(Collected data)
=====

(* Let $\tau\in[0,1]$ and let $e$ be a Gaussian random vector in $\mathbb{R}^n$ with mean $m_e$ and positive semidefinite covariance $K_e$. Then: (i) $\mathcal{H}_\tau(e,\lambda)\ge0$, with equality if and only if $e=0$ (i.e. $m_e=0$ and $K_e=0$); (ii) $\lambda\mapsto\mathcal{H}_\tau(e,\lambda)$ is a monotone decreasing function.
   Context: The $\tau$ entropy is defined, for $\lambda>0$ with $\lambda>(1-\tau)\|K_e\|$ ($\|\cdot\|$ the spectral norm), by $\mathcal{H}_0(e,\lambda)=m_e^T(I_n-\frac1\lambda K_e)^{-1}m_e-\lambda\log\det(I_n-\frac1\lambda K_e)$; for $0<\tau<1$, $\mathcal{H}_\tau(e,\lambda)=m_e^T(I_n-\frac{1-\tau}\lambda K_e)^{-1}m_e+\frac\lambda\tau\mathrm{tr}\big((I_n-\frac{1-\tau}\lambda K_e)^{\frac\tau{\tau-1}}-I_n\big)$; $\mathcal{H}_1(e,\lambda)=m_e^Tm_e+\lambda\,\mathrm{tr}(\exp(\frac1\lambda K_e)-I_n)$; and $\mathcal{H}_\tau(e,\lambda)=\infty$ for other $\lambda$. *)

theory Defs
  imports "HOL-Analysis.Analysis"
begin

definition diag_mat :: "('n::finite \<Rightarrow> real) \<Rightarrow> real^'n^'n" where
  "diag_mat mu = (\<chi> i j. if i = j then mu i else 0)"

definition mat_fun :: "(real \<Rightarrow> real) \<Rightarrow> real^'n::finite^'n \<Rightarrow> real^'n^'n" where
  "mat_fun f A = (SOME B. \<exists>P mu. orthogonal_matrix P \<and>
      A = P ** diag_mat mu ** transpose P \<and> B = P ** diag_mat (f \<circ> mu) ** transpose P)"

definition spec_norm :: "real^'n::finite^'n \<Rightarrow> real" where
  "spec_norm K = onorm (\<lambda>x. K *v x)"

definition H_tau :: "real \<Rightarrow> real^'n::finite \<Rightarrow> real^'n^'n \<Rightarrow> real \<Rightarrow> ereal" where
  "H_tau tau m K lam =
    (if lam > 0 \<and> lam > (1 - tau) * spec_norm K then
       (if tau = 0 then
          ereal (m \<bullet> (matrix_inv (mat 1 - (1/lam) *\<^sub>R K) *v m)
                 - lam * ln (det (mat 1 - (1/lam) *\<^sub>R K)))
        else if 0 < tau \<and> tau < 1 then
          ereal (m \<bullet> (matrix_inv (mat 1 - ((1 - tau)/lam) *\<^sub>R K) *v m)
                 + (lam / tau) * trace (mat_fun (\<lambda>x. x powr (tau / (tau - 1)))
                                        (mat 1 - ((1 - tau)/lam) *\<^sub>R K) - mat 1))
        else if tau = 1 then
          ereal (m \<bullet> m + lam * trace (mat_fun exp ((1/lam) *\<^sub>R K) - mat 1))
        else \<infinity>)
     else \<infinity>)"

end

theory Submission
  imports Defs
begin

text \<open>
  Diagonalise the covariance, K = P diag(\<kappa>) P^T with P orthogonal. In the coordinates
  y = P^T m the entropy splits into a sum of one-dimensional entropies
  y_i^2 / (1 - (1 - \<tau>) \<kappa>_i / \<lambda>) + \<lambda> \<phi>(\<kappa>_i / \<lambda>), where \<phi> = phi_tau \<tau> satisfies \<phi>(0) = 0
  and has a positive nondecreasing derivative. By the mean value theorem \<phi>(s) > 0 for s > 0
  and \<phi>(s) \<le> s \<phi>'(s); the latter says exactly that the perspective \<lambda> \<mapsto> \<lambda> \<phi>(\<kappa> / \<lambda>) is
  nonincreasing. Each summand is thus nonnegative, vanishes only for y_i = \<kappa>_i = 0, and
  decreases in \<lambda>.
\<close>

section \<open>The generator phi_tau and its perspective\<close>

definition phi_tau :: "real \<Rightarrow> real \<Rightarrow> real" where
  "phi_tau tau s =
    (if tau = 0 then - ln (1 - s)
     else if tau < 1 then ((1 - (1 - tau) * s) powr (tau / (tau - 1)) - 1) / tau
     else exp s - 1)"

definition dphi_tau :: "real \<Rightarrow> real \<Rightarrow> real" where
  "dphi_tau tau s = (if tau < 1 then (1 - (1 - tau) * s) powr (1 / (tau - 1)) else exp s)"

lemma phi_tau_0 [simp]: "phi_tau tau 0 = 0"
  by (simp add: phi_tau_def)

lemma has_real_derivative_phi_tau:
  assumes "0 \<le> tau" "tau \<le> 1" "(1 - tau) * s < 1"
  shows "(phi_tau tau has_real_derivative dphi_tau tau s) (at s)"
proof -
  consider "tau = 0" | "0 < tau" "tau < 1" | "tau = 1" using assms by linarith
  then show ?thesis
  proof cases
    case 1
    have "((\<lambda>s. - ln (1 - s)) has_real_derivative 1 / (1 - s)) (at s)"
      using assms 1 by (auto intro!: derivative_eq_intros)
    moreover have "phi_tau tau = (\<lambda>s. - ln (1 - s))" using 1 by (simp add: phi_tau_def fun_eq_iff)
    ultimately show ?thesis using assms 1 by (simp add: dphi_tau_def powr_neg_one)
  next
    case 2
    define b where "b = 1 - (1 - tau) * s"
    have b: "0 < b" using assms by (simp add: b_def)
    have "((\<lambda>s. ((1 - (1 - tau) * s) powr (tau / (tau - 1)) - 1) / tau) has_real_derivative
        tau / (tau - 1) * b powr (tau / (tau - 1) - 1) * (- (1 - tau)) / tau) (at s)"
      using b by (auto intro!: derivative_eq_intros simp: b_def)
    moreover have "tau / (tau - 1) * b powr (tau / (tau - 1) - 1) * (- (1 - tau)) / tau
        = b powr (1 / (tau - 1))"
      using 2 by (simp add: field_simps diff_divide_distrib[symmetric])
    moreover have "phi_tau tau = (\<lambda>s. ((1 - (1 - tau) * s) powr (tau / (tau - 1)) - 1) / tau)"
      using 2 by (simp add: phi_tau_def fun_eq_iff)
    ultimately show ?thesis using 2 by (simp add: dphi_tau_def b_def)
  next
    case 3
    then have "phi_tau tau = (\<lambda>s. exp s - 1)" by (simp add: phi_tau_def fun_eq_iff)
    then show ?thesis using 3 by (auto simp: dphi_tau_def intro!: derivative_eq_intros)
  qed
qed

lemma dphi_tau_pos:
  assumes "(1 - tau) * s < 1"
  shows "0 < dphi_tau tau s"
  using assms by (simp add: dphi_tau_def)

lemma dphi_tau_mono:
  assumes "0 \<le> tau" "tau \<le> 1" "x \<le> y" "(1 - tau) * y < 1"
  shows "dphi_tau tau x \<le> dphi_tau tau y"
proof (cases "tau < 1")
  case True
  have "(1 - tau) * x \<le> (1 - tau) * y" using assms True by (intro mult_left_mono) auto
  then show ?thesis using assms True by (auto simp: dphi_tau_def intro!: powr_mono2')
qed (use assms in \<open>simp add: dphi_tau_def\<close>)

lemma mvt_pos_and_le_mult_deriv:
  fixes f f' :: "real \<Rightarrow> real"
  assumes "f 0 = 0" "0 < s"
    and deriv: "\<And>x. 0 \<le> x \<Longrightarrow> x \<le> s \<Longrightarrow> (f has_real_derivative f' x) (at x)"
    and pos: "\<And>x. 0 \<le> x \<Longrightarrow> x \<le> s \<Longrightarrow> 0 < f' x"
    and mono: "\<And>x. 0 \<le> x \<Longrightarrow> x \<le> s \<Longrightarrow> f' x \<le> f' s"
  shows "0 < f s" "f s \<le> s * f' s"
proof -
  obtain z where z: "0 < z" "z < s" "f s - f 0 = (s - 0) * f' z"
    using MVT2[OF \<open>0 < s\<close>] deriv by blast
  then show "0 < f s" using pos[of z] \<open>0 < s\<close> \<open>f 0 = 0\<close> by simp
  show "f s \<le> s * f' s" using z mono[of z] \<open>0 < s\<close> \<open>f 0 = 0\<close> by simp
qed

lemma perspective_antimono:
  fixes f f' :: "real \<Rightarrow> real"
  assumes "0 \<le> k" "0 < l1" "l1 \<le> l2"
    and deriv: "\<And>x. 0 \<le> x \<Longrightarrow> x \<le> k / l1 \<Longrightarrow> (f has_real_derivative f' x) (at x)"
    and tangent: "\<And>x. 0 \<le> x \<Longrightarrow> x \<le> k / l1 \<Longrightarrow> f x \<le> x * f' x"
  shows "l2 * f (k / l2) \<le> l1 * f (k / l1)"
proof (rule DERIV_nonpos_imp_nonincreasing[OF \<open>l1 \<le> l2\<close>])
  fix l assume l: "l1 \<le> l" "l \<le> l2"
  have l0: "0 < l" using l assms by linarith
  have s: "0 \<le> k / l" "k / l \<le> k / l1" using assms l0 l by (auto intro: divide_left_mono)
  have "((\<lambda>l. k / l) has_real_derivative - k / l^2) (at l)"
    using l0 by (auto intro!: derivative_eq_intros simp: power2_eq_square)
  then have "((\<lambda>l. f (k / l)) has_real_derivative f' (k / l) * (- k / l^2)) (at l)"
    by (rule DERIV_chain2[where f = f and g = "\<lambda>l. k / l" and x = l, OF deriv[OF s]])
  then have "((\<lambda>l. l * f (k / l)) has_real_derivative
      l * (f' (k / l) * (- k / l^2)) + 1 * f (k / l)) (at l)"
    by (rule DERIV_mult'[OF DERIV_ident])
  moreover have "l * (f' (k / l) * (- k / l^2)) + 1 * f (k / l) = f (k / l) - k / l * f' (k / l)"
    using l0 by (simp add: power2_eq_square field_simps)
  ultimately show "\<exists>y. ((\<lambda>l. l * f (k / l)) has_real_derivative y) (at l) \<and> y \<le> 0"
    using tangent[OF s] by auto
qed

lemma phi_tau_pos:
  assumes "0 \<le> tau" "tau \<le> 1" "0 < s" "(1 - tau) * s < 1"
  shows "0 < phi_tau tau s"
proof -
  have "(1 - tau) * x < 1" if "x \<le> s" for x
    using mult_left_mono[OF that, of "1 - tau"] assms by linarith
  then show ?thesis
    using mvt_pos_and_le_mult_deriv(1)[of "phi_tau tau" s "dphi_tau tau"] assms
    by (simp add: has_real_derivative_phi_tau dphi_tau_pos dphi_tau_mono)
qed

lemma phi_tau_le_mult_dphi_tau:
  assumes "0 \<le> tau" "tau \<le> 1" "0 \<le> s" "(1 - tau) * s < 1"
  shows "phi_tau tau s \<le> s * dphi_tau tau s"
proof (cases "s = 0")
  case False
  have "(1 - tau) * x < 1" if "x \<le> s" for x
    using mult_left_mono[OF that, of "1 - tau"] assms by linarith
  then show ?thesis
    using mvt_pos_and_le_mult_deriv(2)[of "phi_tau tau" s "dphi_tau tau"] assms False
    by (simp add: has_real_derivative_phi_tau dphi_tau_pos dphi_tau_mono)
qed simp

lemma phi_tau_perspective_antimono:
  assumes "0 \<le> tau" "tau \<le> 1" "0 \<le> k" "0 < l1" "(1 - tau) * k < l1" "l1 \<le> l2"
  shows "l2 * phi_tau tau (k / l2) \<le> l1 * phi_tau tau (k / l1)"
proof (rule perspective_antimono[OF assms(3,4,6)])
  fix x assume x: "0 \<le> x" "x \<le> k / l1"
  have "(1 - tau) * x \<le> (1 - tau) * (k / l1)" using x assms by (intro mult_left_mono) auto
  also have "\<dots> < 1" using assms by (simp add: field_simps)
  finally have "(1 - tau) * x < 1" .
  then show "(phi_tau tau has_real_derivative dphi_tau tau x) (at x)"
    and "phi_tau tau x \<le> x * dphi_tau tau x"
    using assms x by (simp_all add: has_real_derivative_phi_tau phi_tau_le_mult_dphi_tau)
qed

section \<open>Spectral theorem for real symmetric matrices\<close>

lemma inner_symmetric_matrix_commute:
  fixes A :: "real^'n^'n"
  assumes "transpose A = A"
  shows "x \<bullet> (A *v y) = (A *v x) \<bullet> y"
  by (metis assms dot_lmul_matrix transpose_matrix_vector)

=====

(The problem)
Only the lines above from the one with "Diagonalise the covariance, K" up to and including the one with "y_i^2 / (1 - (1" should be repeated, exactly as written.

(Written reply)
  Diagonalise the covariance, K = P diag(\<kappa>) P^T with P orthogonal. In the coordinates
  y = P^T m the entropy splits into a sum of one-dimensional entropies
  y_i^2 / (1 - (1 - \<tau>) \<kappa>_i / \<lambda>) + \<lambda> \<phi>(\<kappa>_i / \<lambda>), where \<phi> = phi_tau \<tau> satisfies \<phi>(0) = 0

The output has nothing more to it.